● **TASK ITEM**: In the records that follow, count the lines where the string "using" appears, and give the count with nothing added.

● **SUPPLIED RECORDS**:
lemma AE_PiM_unif01_inj_on:
  fixes I :: "nat set"
  assumes "finite I"
  shows "AE x in PiM I (\<lambda>_. unif01). inj_on x I"
proof -
  have "AE x in PiM I (\<lambda>_. unif01). \<forall>i\<in>I. \<forall>j\<in>I. i \<noteq> j \<longrightarrow> x i \<noteq> x j"
    using assms by (intro eventually_ball_finite ballI) (auto intro: AE_PiM_unif01_neq)
  then show ?thesis by eventually_elim (auto simp: inj_on_def)
qed

lemma sum_sum_offdiag_const:
  fixes c :: real
  assumes "finite I"
  shows "(\<Sum>j\<in>I. \<Sum>i\<in>I. if i = j then 0 else c) = real (card I) * (real (card I) - 1) * c"
proof -
  have "(\<Sum>i\<in>I. if i = j then 0 else c) = (real (card I) - 1) * c" if "j \<in> I" for j
  proof -
    have "(\<Sum>i\<in>I. if i = j then 0 else c) = (\<Sum>i\<in>I - {j}. c)"
      using assms that by (subst sum.remove[of I j]) (auto intro!: sum.cong)
    also have "\<dots> = (real (card I) - 1) * c"
    proof -
      have "card I \<ge> 1" using assms that by (metis One_nat_def Suc_leI card_gt_0_iff empty_iff)
      then show ?thesis using assms that by (simp add: of_nat_diff)
    qed
    finally show ?thesis .
  qed
  then show ?thesis by simp
qed

lemma integral_pair_sum:
  fixes I :: "nat set" and h :: "real \<Rightarrow> real \<Rightarrow> real \<Rightarrow> real"
  assumes p: "0 < p" and I: "finite I"
    and hm: "(\<lambda>w. h (fst w) (fst (snd w)) (snd (snd w))) \<in> borel_measurable (borel \<Otimes>\<^sub>M (borel \<Otimes>\<^sub>M borel))"
    and hb: "\<And>a b c. \<bar>h a b c\<bar> \<le> 1"
    and v: "(\<integral>b. (\<integral>a. gap_weight p a b * (\<integral>c. h a b c \<partial>unif01) ^ (card I - 2) \<partial>unif01) \<partial>unif01) = v"
  defines "F \<equiv> \<lambda>x. \<Sum>j\<in>I. \<Sum>i\<in>I. gap_weight p (x i) (x j) * (\<Prod>k\<in>I-{i,j}. h (x i) (x j) (x k))"
  shows "integrable (PiM I (\<lambda>_. unif01)) F"
    and "(\<integral>x. F x \<partial>PiM I (\<lambda>_. unif01)) = real (card I) * (real (card I) - 1) * v"
proof -
  let ?T = "\<lambda>i j x. gap_weight p (x i) (x j) * (\<Prod>k\<in>I-{i,j}. h (x i) (x j) (x k))"
  have gb: "\<And>a b. \<bar>gap_weight p a b\<bar> \<le> 1" using p by (intro abs_gap_weight_le_1) simp
  have pair_term: "integrable (PiM I (\<lambda>_. unif01)) (?T i j) \<and>
      (\<integral>x. ?T i j x \<partial>PiM I (\<lambda>_. unif01)) = (if i = j then 0 else v)"
    if ij: "i \<in> I" "j \<in> I" for i j
  proof (cases "i = j")
    case True
    then show ?thesis by (simp add: gap_weight_def)
  next
    case False
    have "card (I - {i,j}) = card I - 2"
      using I ij False by (simp add: card_Diff_subset)
    then show ?thesis
      using integral_PiM_pair_product[where g="gap_weight p" and B=1, OF I ij False
          gap_weight_measurable_pair hm gb hb] False v
      by simp
  qed
  then show "integrable (PiM I (\<lambda>_. unif01)) F"
    unfolding F_def by (intro Bochner_Integration.integrable_sum) auto
  have "(\<integral>x. F x \<partial>PiM I (\<lambda>_. unif01)) = (\<Sum>j\<in>I. \<Sum>i\<in>I. if i = j then 0 else v)"
    using pair_term unfolding F_def
    by (simp add: Bochner_Integration.integral_sum Bochner_Integration.integrable_sum)
  also have "\<dots> = real (card I) * (real (card I) - 1) * v" by (rule sum_sum_offdiag_const[OF I])
  finally show "(\<integral>x. F x \<partial>PiM I (\<lambda>_. unif01)) = real (card I) * (real (card I) - 1) * v" .
qed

● **YOUR RESPONSE**: 8